** Opening RECORDS SUPPLIED block **

text \<open>The trailing copy of X is folded onto the copy of X inside A X^(+).\<close>
lemma hom_equiv_tprod_tplus_u_tprod: "hom_equiv (tprod (tprod A (tplus_u X)) X) (tprod A X)"
proof -
  define C where "C = tprod A (tplus_u X)"
  have C: "C = (tprod A X)\<lparr>en := 2 * en A\<rparr>" by (simp add: C_def tprod_tplus_u)
  have gA: "graph_hom A (tprod C X) ((\<lambda>v. 2 * v) \<circ> (\<lambda>v. 2 * v))"
    using graph_hom_comp graph_hom_tprod_left[of A X] graph_hom_tprod_left[of C X] C by simp
  have "hom (tprod C X) (tprod A X) (\<lambda>w. if even w then w div 2 else glueY A X (w div 2))"
    by (rule hom_from_tprod) (simp_all add: C graph_hom_id graph_hom_tprod_right)
  moreover have "hom (tprod A X) (tprod C X)
      (\<lambda>w. if even w then ((\<lambda>v. 2 * v) \<circ> (\<lambda>v. 2 * v)) (w div 2) else glueY C X (w div 2))"
    by (rule hom_from_tprod[OF gA _ graph_hom_tprod_right]) (simp_all add: C)
  ultimately show ?thesis unfolding hom_equiv_def C_def by blast
qed

lemma hom_equiv_tprod_tprod_tstar_u: "hom_equiv (tprod X (tprod (tstar_u X) A)) (tprod X A)"
proof -
  define D where "D = tprod (tstar_u X) A"
  have D: "D = (tprod X A)\<lparr>st := 2 * en X\<rparr>" by (simp add: D_def tprod_tstar_u)
  have gA: "graph_hom A (tprod X D) (glueY X D \<circ> glueY X A)"
    using graph_hom_comp graph_hom_tprod_right[of A X] graph_hom_tprod_right[of D X] D by simp
  have "hom (tprod X D) (tprod X A) (\<lambda>w. if even w then 2 * (w div 2) else w div 2)"
    by (rule hom_from_tprod) (simp_all add: D graph_hom_id graph_hom_tprod_left)
  moreover have "hom (tprod X A) (tprod X D)
      (\<lambda>w. if even w then 2 * (w div 2) else (glueY X D \<circ> glueY X A) (w div 2))"
    by (rule hom_from_tprod[OF graph_hom_tprod_left _ gA]) (simp_all add: D glueY_def)
  ultimately show ?thesis unfolding hom_equiv_def D_def by blast
qed

lemma hom_equiv_tprod_iff_tplus_u:
  assumes "is_tree A" "is_tree B" "is_tree X"
  shows "hom_equiv (tprod A X) (tprod B X) \<longleftrightarrow> hom_equiv (tprod A (tplus_u X)) (tprod B (tplus_u X))"
proof
  assume "hom_equiv (tprod A X) (tprod B X)"
  then obtain f g where f: "hom (tprod A X) (tprod B X) f" and g: "hom (tprod B X) (tprod A X) g"
    unfolding hom_equiv_def by blast
  show "hom_equiv (tprod A (tplus_u X)) (tprod B (tplus_u X))"
    unfolding hom_equiv_def tprod_tplus_u
    using hom_upd_en[OF f hom_tprod_same_right_preserves_glue[OF assms f]]
      hom_upd_en[OF g hom_tprod_same_right_preserves_glue[OF assms(2,1,3) g]] by blast
next
  assume "hom_equiv (tprod A (tplus_u X)) (tprod B (tplus_u X))"
  then have "hom_equiv (tprod (tprod A (tplus_u X)) X) (tprod (tprod B (tplus_u X)) X)"
    using hom_equiv_tprod hom_equiv_refl by blast
  then show "hom_equiv (tprod A X) (tprod B X)"
    using hom_equiv_cong[OF hom_equiv_tprod_tplus_u_tprod hom_equiv_tprod_tplus_u_tprod] by blast
qed

lemma hom_equiv_tprod_iff_tstar_u:
  assumes "is_tree A" "is_tree B" "is_tree X"
  shows "hom_equiv (tprod X A) (tprod X B) \<longleftrightarrow> hom_equiv (tprod (tstar_u X) A) (tprod (tstar_u X) B)"
proof
  assume "hom_equiv (tprod X A) (tprod X B)"
  then obtain f g where f: "hom (tprod X A) (tprod X B) f" and g: "hom (tprod X B) (tprod X A) g"
    unfolding hom_equiv_def by blast
  show "hom_equiv (tprod (tstar_u X) A) (tprod (tstar_u X) B)"
    unfolding hom_equiv_def tprod_tstar_u
    using hom_upd_st[OF f hom_tprod_same_left_preserves_glue[OF assms(3,1,2) f]]
      hom_upd_st[OF g hom_tprod_same_left_preserves_glue[OF assms(3,2,1) g]] by blast
next
  assume "hom_equiv (tprod (tstar_u X) A) (tprod (tstar_u X) B)"
  then have "hom_equiv (tprod X (tprod (tstar_u X) A)) (tprod X (tprod (tstar_u X) B))"
    using hom_equiv_tprod hom_equiv_refl by blast
  then show "hom_equiv (tprod X A) (tprod X B)"
    using hom_equiv_cong[OF hom_equiv_tprod_tprod_tstar_u hom_equiv_tprod_tprod_tstar_u] by blast
qed

lemma iso_pmult_iff_hom_equiv:
  assumes "is_tree S" "is_tree T" "is_tree S'" "is_tree T'"
  shows "iso (pmult S T) (pmult S' T') \<longleftrightarrow> hom_equiv (tprod S T) (tprod S' T')"
  unfolding pmult_def using assms by (simp add: iso_prune_iff_hom_equiv tprod_is_tree)

lemma pplus_tree_hom_equiv:
  assumes "is_tree X"
  shows "is_tree (pplus X)" "hom_equiv (tplus_u X) (pplus X)"
  using prune_pruned_hom_equiv[OF tplus_u_is_tree[OF assms]] hom_equiv_sym
  unfolding pplus_def pruned_def by blast+

lemma pstar_tree_hom_equiv:
  assumes "is_tree X"
  shows "is_tree (pstar X)" "hom_equiv (tstar_u X) (pstar X)"
  using prune_pruned_hom_equiv[OF tstar_u_is_tree[OF assms]] hom_equiv_sym
  unfolding pstar_def pruned_def by blast+

theorem proposition4p9:
  fixes A B X :: "'l stree"
  assumes "pruned A" and "pruned B" and "pruned X"
  shows "(iso (pmult A X) (pmult B X) \<longleftrightarrow> iso (pmult A (pplus X)) (pmult B (pplus X)))
       \<and> (iso (pmult X A) (pmult X B) \<longleftrightarrow> iso (pmult (pstar X) A) (pmult (pstar X) B))"
proof -
  have A: "is_tree A" and B: "is_tree B" and X: "is_tree X"
    using assms by (simp_all add: pruned_def)
  note plus = pplus_tree_hom_equiv[OF X] and star = pstar_tree_hom_equiv[OF X]
  have "iso (pmult A X) (pmult B X) \<longleftrightarrow> hom_equiv (tprod A X) (tprod B X)"
    by (rule iso_pmult_iff_hom_equiv[OF A X B X])
  also have "\<dots> \<longleftrightarrow> hom_equiv (tprod A (tplus_u X)) (tprod B (tplus_u X))"
    by (rule hom_equiv_tprod_iff_tplus_u[OF A B X])
  also have "\<dots> \<longleftrightarrow> hom_equiv (tprod A (pplus X)) (tprod B (pplus X))"
    by (intro hom_equiv_cong hom_equiv_tprod hom_equiv_refl plus(2))
  also have "\<dots> \<longleftrightarrow> iso (pmult A (pplus X)) (pmult B (pplus X))"
    by (rule iso_pmult_iff_hom_equiv[OF A plus(1) B plus(1), symmetric])
  finally have plus_case: "iso (pmult A X) (pmult B X) \<longleftrightarrow> iso (pmult A (pplus X)) (pmult B (pplus X))" .
  have "iso (pmult X A) (pmult X B) \<longleftrightarrow> hom_equiv (tprod X A) (tprod X B)"
    by (rule iso_pmult_iff_hom_equiv[OF X A X B])
  also have "\<dots> \<longleftrightarrow> hom_equiv (tprod (tstar_u X) A) (tprod (tstar_u X) B)"
    by (rule hom_equiv_tprod_iff_tstar_u[OF A B X])
  also have "\<dots> \<longleftrightarrow> hom_equiv (tprod (pstar X) A) (tprod (pstar X) B)"
    by (intro hom_equiv_cong hom_equiv_tprod hom_equiv_refl star(2))
  also have "\<dots> \<longleftrightarrow> iso (pmult (pstar X) A) (pmult (pstar X) B)"
    by (rule iso_pmult_iff_hom_equiv[OF star(1) A star(1) B, symmetric])
  finally show ?thesis using plus_case by blast
qed

end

** Closing RECORDS SUPPLIED block **

**TASK OBJECTIVE**. Your task is to quote the lines above, beginning with the first and ending with the one that holds "add: C_def tprod_tplus_u)".

**ANSWER BOX**.
text \<open>The trailing copy of X is folded onto the copy of X inside A X^(+).\<close>
lemma hom_equiv_tprod_tplus_u_tprod: "hom_equiv (tprod (tprod A (tplus_u X)) X) (tprod A X)"
proof -
  define C where "C = tprod A (tplus_u X)"
  have C: "C = (tprod A X)\<lparr>en := 2 * en A\<rparr>" by (simp add: C_def tprod_tplus_u)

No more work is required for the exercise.